Task statement:
Output the data below exactly.

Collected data
lemma cycle_compI:
  assumes "gpath E p" and "3 \<le> length p" and "E (last p) (hd p)"
  shows "cycle_comp E p"
  using assms unfolding cycle_comp_def has_spanning_cycle_def gpath_def by blast

lemma path_nbrs_consecutive:
  assumes "P \<in> S" and "path_comp E P" and "Q = P \<or> Q = rev P" and "Suc k < length Q"
  shows "path_nbrs E S (Q ! k) (Q ! Suc k)"
  using assms(3)
proof
  assume "Q = P"
  then show ?thesis using assms unfolding path_nbrs_def by blast
next
  assume Q: "Q = rev P"
  define m where "m = length P - Suc (Suc k)"
  have "Suc m < length P" and "P ! m = Q ! Suc k" and "P ! Suc m = Q ! k"
    using assms(4) unfolding Q m_def by (simp_all add: rev_nth Suc_diff_Suc)
  then show ?thesis using assms(1,2) unfolding path_nbrs_def by blast
qed

lemma path_partition_exchange:
  assumes pp: "path_partition V E S" and PS: "P \<in> S" and RS: "R \<in> S" and "P \<noteq> R"
    and gA: "gpath E A" and gB: "gpath E B"
    and un: "set A \<union> set B = set P \<union> set R" and dj: "set A \<inter> set B = {}"
  defines "S0 \<equiv> S - {P, R}"
  shows "path_partition V E (insert A (insert B S0))" and "card (insert A (insert B S0)) = card S"
    and "B \<notin> S0"
proof -
  have fin: "finite S" and gp: "\<forall>p\<in>S. gpath E p"
    and dis: "\<forall>p\<in>S. \<forall>q\<in>S. p \<noteq> q \<longrightarrow> set p \<inter> set q = {}" and cov: "\<Union>(set ` S) = V"
    using pp unfolding path_partition_def by blast+
  have away: "set q \<inter> set p = {}" if "q \<in> S0" and "p \<in> {A, B}" for p q
  proof -
    have "set q \<inter> (set P \<union> set R) = {}" using dis that(1) PS RS unfolding S0_def by blast
    then show ?thesis using that(2) un by blast
  qed
  have "set A \<noteq> {}" "set B \<noteq> {}" using gA gB unfolding gpath_def by auto
  then have A0: "A \<notin> S0" and B0: "B \<notin> S0" and "A \<noteq> B"
    using away[of A A] away[of B B] dj by auto
  then show "B \<notin> S0" by blast
  show "path_partition V E (insert A (insert B S0))"
    unfolding path_partition_def
  proof (intro conjI ballI impI)
    show "finite (insert A (insert B S0))" using fin unfolding S0_def by simp
  next
    fix p assume "p \<in> insert A (insert B S0)"
    then show "gpath E p" using gp gA gB unfolding S0_def by blast
  next
    fix p q assume p: "p \<in> insert A (insert B S0)" and q: "q \<in> insert A (insert B S0)"
      and "p \<noteq> q"
    then consider "p \<in> {A, B}" "q \<in> {A, B}" | "p \<in> S0" "q \<in> {A, B}" | "p \<in> {A, B}" "q \<in> S0"
      | "p \<in> S0" "q \<in> S0" by blast
    then show "set p \<inter> set q = {}"
    proof cases
      case 1 then show ?thesis using dj \<open>p \<noteq> q\<close> by blast
    next
      case 2 then show ?thesis using away by blast
    next
      case 3 then show ?thesis using away by blast
    next
      case 4 then show ?thesis using dis \<open>p \<noteq> q\<close> unfolding S0_def by blast
    qed
  next
    have "\<Union>(set ` S) = set P \<union> set R \<union> \<Union>(set ` S0)" using PS RS unfolding S0_def by blast
    then show "\<Union>(set ` insert A (insert B S0)) = V" using cov un by auto
  qed
  have PR: "{P, R} \<subseteq> S" using PS RS by blast
  then have "card S0 = card S - 2" using fin \<open>P \<noteq> R\<close> unfolding S0_def by (simp add: card_Diff_subset)
  moreover have "2 \<le> card S" using card_mono[OF fin PR] \<open>P \<noteq> R\<close> by simp
  ultimately show "card (insert A (insert B S0)) = card S"
    using A0 B0 \<open>A \<noteq> B\<close> fin unfolding S0_def by simp
qed

lemma canonical_no_cycle_exchange:
  assumes can: "canonical V E S" and "P \<in> S" and "R \<in> S" and "P \<noteq> R"
    and "\<not> cycle_comp E P" and "\<not> cycle_comp E R"
    and "gpath E A" and "gpath E B"
    and "set A \<union> set B = set P \<union> set R" and "set A \<inter> set B = {}"
    and "cycle_comp E B"
  shows False
proof -
  have pp: "path_partition V E S"
    and cycles_max: "\<And>S'. path_partition V E S' \<Longrightarrow> card S' = card S \<Longrightarrow>
        card {p \<in> S'. cycle_comp E p} \<le> card {p \<in> S. cycle_comp E p}"
    using can by (simp_all add: canonical_def)
  define S' where "S' = insert A (insert B (S - {P, R}))"
  have pp': "path_partition V E S'" and "card S' = card S" and B_new: "B \<notin> S - {P, R}"
    using path_partition_exchange[OF pp assms(2-4,7-10)] unfolding S'_def by simp_all
  define Cyc where "Cyc = {p \<in> S. cycle_comp E p}"
  define Cyc' where "Cyc' = {p \<in> S'. cycle_comp E p}"
  have "finite Cyc" "finite Cyc'"
    using pp pp' unfolding Cyc_def Cyc'_def path_partition_def by simp_all
  moreover have "insert B Cyc \<subseteq> Cyc'"
    using \<open>cycle_comp E B\<close> assms(5,6) unfolding Cyc_def Cyc'_def S'_def by blast
  moreover have "B \<notin> Cyc"
    using B_new assms(5,6) unfolding Cyc_def by blast
  ultimately have "Suc (card Cyc) \<le> card Cyc'"
    using card_mono card_insert_disjoint by metis
  moreover have "card Cyc' \<le> card Cyc"
    using cycles_max[OF pp' \<open>card S' = card S\<close>] unfolding Cyc_def Cyc'_def .
  ultimately show False by simp
qed

lemma heavy_goes_to_foreign_end:
  assumes "heavy V E S x"
  obtains e where "goes_to V E S x e" and "e \<in> path_ends E S" and "e \<noteq> a" and "e \<noteq> b"
proof -
  define T where "T = {y. goes_to V E S x y \<and> y \<in> path_ends E S}"
  have "3 \<le> card T" using assms unfolding heavy_def T_def by blast
  moreover have "card {a, b} \<le> 2" by (simp add: card_insert_le_m1)
  ultimately have "\<not> T \<subseteq> {a, b}"
    using card_mono[of "{a, b}" T] by auto
  then show ?thesis using that unfolding T_def by blast
qed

Result for this task:
lemma cycle_compI:
  assumes "gpath E p" and "3 \<le> length p" and "E (last p) (hd p)"
  shows "cycle_comp E p"
  using assms unfolding cycle_comp_def has_spanning_cycle_def gpath_def by blast

lemma path_nbrs_consecutive:
  assumes "P \<in> S" and "path_comp E P" and "Q = P \<or> Q = rev P" and "Suc k < length Q"
  shows "path_nbrs E S (Q ! k) (Q ! Suc k)"
  using assms(3)
proof
  assume "Q = P"
  then show ?thesis using assms unfolding path_nbrs_def by blast
next
  assume Q: "Q = rev P"
  define m where "m = length P - Suc (Suc k)"
  have "Suc m < length P" and "P ! m = Q ! Suc k" and "P ! Suc m = Q ! k"
    using assms(4) unfolding Q m_def by (simp_all add: rev_nth Suc_diff_Suc)
  then show ?thesis using assms(1,2) unfolding path_nbrs_def by blast
qed

lemma path_partition_exchange:
  assumes pp: "path_partition V E S" and PS: "P \<in> S" and RS: "R \<in> S" and "P \<noteq> R"
    and gA: "gpath E A" and gB: "gpath E B"
    and un: "set A \<union> set B = set P \<union> set R" and dj: "set A \<inter> set B = {}"
  defines "S0 \<equiv> S - {P, R}"
  shows "path_partition V E (insert A (insert B S0))" and "card (insert A (insert B S0)) = card S"
    and "B \<notin> S0"
proof -
  have fin: "finite S" and gp: "\<forall>p\<in>S. gpath E p"
    and dis: "\<forall>p\<in>S. \<forall>q\<in>S. p \<noteq> q \<longrightarrow> set p \<inter> set q = {}" and cov: "\<Union>(set ` S) = V"
    using pp unfolding path_partition_def by blast+
  have away: "set q \<inter> set p = {}" if "q \<in> S0" and "p \<in> {A, B}" for p q
  proof -
    have "set q \<inter> (set P \<union> set R) = {}" using dis that(1) PS RS unfolding S0_def by blast
    then show ?thesis using that(2) un by blast
  qed
  have "set A \<noteq> {}" "set B \<noteq> {}" using gA gB unfolding gpath_def by auto
  then have A0: "A \<notin> S0" and B0: "B \<notin> S0" and "A \<noteq> B"
    using away[of A A] away[of B B] dj by auto
  then show "B \<notin> S0" by blast
  show "path_partition V E (insert A (insert B S0))"
    unfolding path_partition_def
  proof (intro conjI ballI impI)
    show "finite (insert A (insert B S0))" using fin unfolding S0_def by simp
  next
    fix p assume "p \<in> insert A (insert B S0)"
    then show "gpath E p" using gp gA gB unfolding S0_def by blast
  next
    fix p q assume p: "p \<in> insert A (insert B S0)" and q: "q \<in> insert A (insert B S0)"
      and "p \<noteq> q"
    then consider "p \<in> {A, B}" "q \<in> {A, B}" | "p \<in> S0" "q \<in> {A, B}" | "p \<in> {A, B}" "q \<in> S0"
      | "p \<in> S0" "q \<in> S0" by blast
    then show "set p \<inter> set q = {}"
    proof cases
      case 1 then show ?thesis using dj \<open>p \<noteq> q\<close> by blast
    next
      case 2 then show ?thesis using away by blast
    next
      case 3 then show ?thesis using away by blast
    next
      case 4 then show ?thesis using dis \<open>p \<noteq> q\<close> unfolding S0_def by blast
    qed
  next
    have "\<Union>(set ` S) = set P \<union> set R \<union> \<Union>(set ` S0)" using PS RS unfolding S0_def by blast
    then show "\<Union>(set ` insert A (insert B S0)) = V" using cov un by auto
  qed
  have PR: "{P, R} \<subseteq> S" using PS RS by blast
  then have "card S0 = card S - 2" using fin \<open>P \<noteq> R\<close> unfolding S0_def by (simp add: card_Diff_subset)
  moreover have "2 \<le> card S" using card_mono[OF fin PR] \<open>P \<noteq> R\<close> by simp
  ultimately show "card (insert A (insert B S0)) = card S"
    using A0 B0 \<open>A \<noteq> B\<close> fin unfolding S0_def by simp
qed

lemma canonical_no_cycle_exchange:
  assumes can: "canonical V E S" and "P \<in> S" and "R \<in> S" and "P \<noteq> R"
    and "\<not> cycle_comp E P" and "\<not> cycle_comp E R"
    and "gpath E A" and "gpath E B"
    and "set A \<union> set B = set P \<union> set R" and "set A \<inter> set B = {}"
    and "cycle_comp E B"
  shows False
proof -
  have pp: "path_partition V E S"
    and cycles_max: "\<And>S'. path_partition V E S' \<Longrightarrow> card S' = card S \<Longrightarrow>
        card {p \<in> S'. cycle_comp E p} \<le> card {p \<in> S. cycle_comp E p}"
    using can by (simp_all add: canonical_def)
  define S' where "S' = insert A (insert B (S - {P, R}))"
  have pp': "path_partition V E S'" and "card S' = card S" and B_new: "B \<notin> S - {P, R}"
    using path_partition_exchange[OF pp assms(2-4,7-10)] unfolding S'_def by simp_all
  define Cyc where "Cyc = {p \<in> S. cycle_comp E p}"
  define Cyc' where "Cyc' = {p \<in> S'. cycle_comp E p}"
  have "finite Cyc" "finite Cyc'"
    using pp pp' unfolding Cyc_def Cyc'_def path_partition_def by simp_all
  moreover have "insert B Cyc \<subseteq> Cyc'"
    using \<open>cycle_comp E B\<close> assms(5,6) unfolding Cyc_def Cyc'_def S'_def by blast
  moreover have "B \<notin> Cyc"
    using B_new assms(5,6) unfolding Cyc_def by blast
  ultimately have "Suc (card Cyc) \<le> card Cyc'"
    using card_mono card_insert_disjoint by metis
  moreover have "card Cyc' \<le> card Cyc"
    using cycles_max[OF pp' \<open>card S' = card S\<close>] unfolding Cyc_def Cyc'_def .
  ultimately show False by simp
qed

lemma heavy_goes_to_foreign_end:
  assumes "heavy V E S x"
  obtains e where "goes_to V E S x e" and "e \<in> path_ends E S" and "e \<noteq> a" and "e \<noteq> b"
proof -
  define T where "T = {y. goes_to V E S x y \<and> y \<in> path_ends E S}"
  have "3 \<le> card T" using assms unfolding heavy_def T_def by blast
  moreover have "card {a, b} \<le> 2" by (simp add: card_insert_le_m1)
  ultimately have "\<not> T \<subseteq> {a, b}"
    using card_mono[of "{a, b}" T] by auto
  then show ?thesis using that unfolding T_def by blast
qed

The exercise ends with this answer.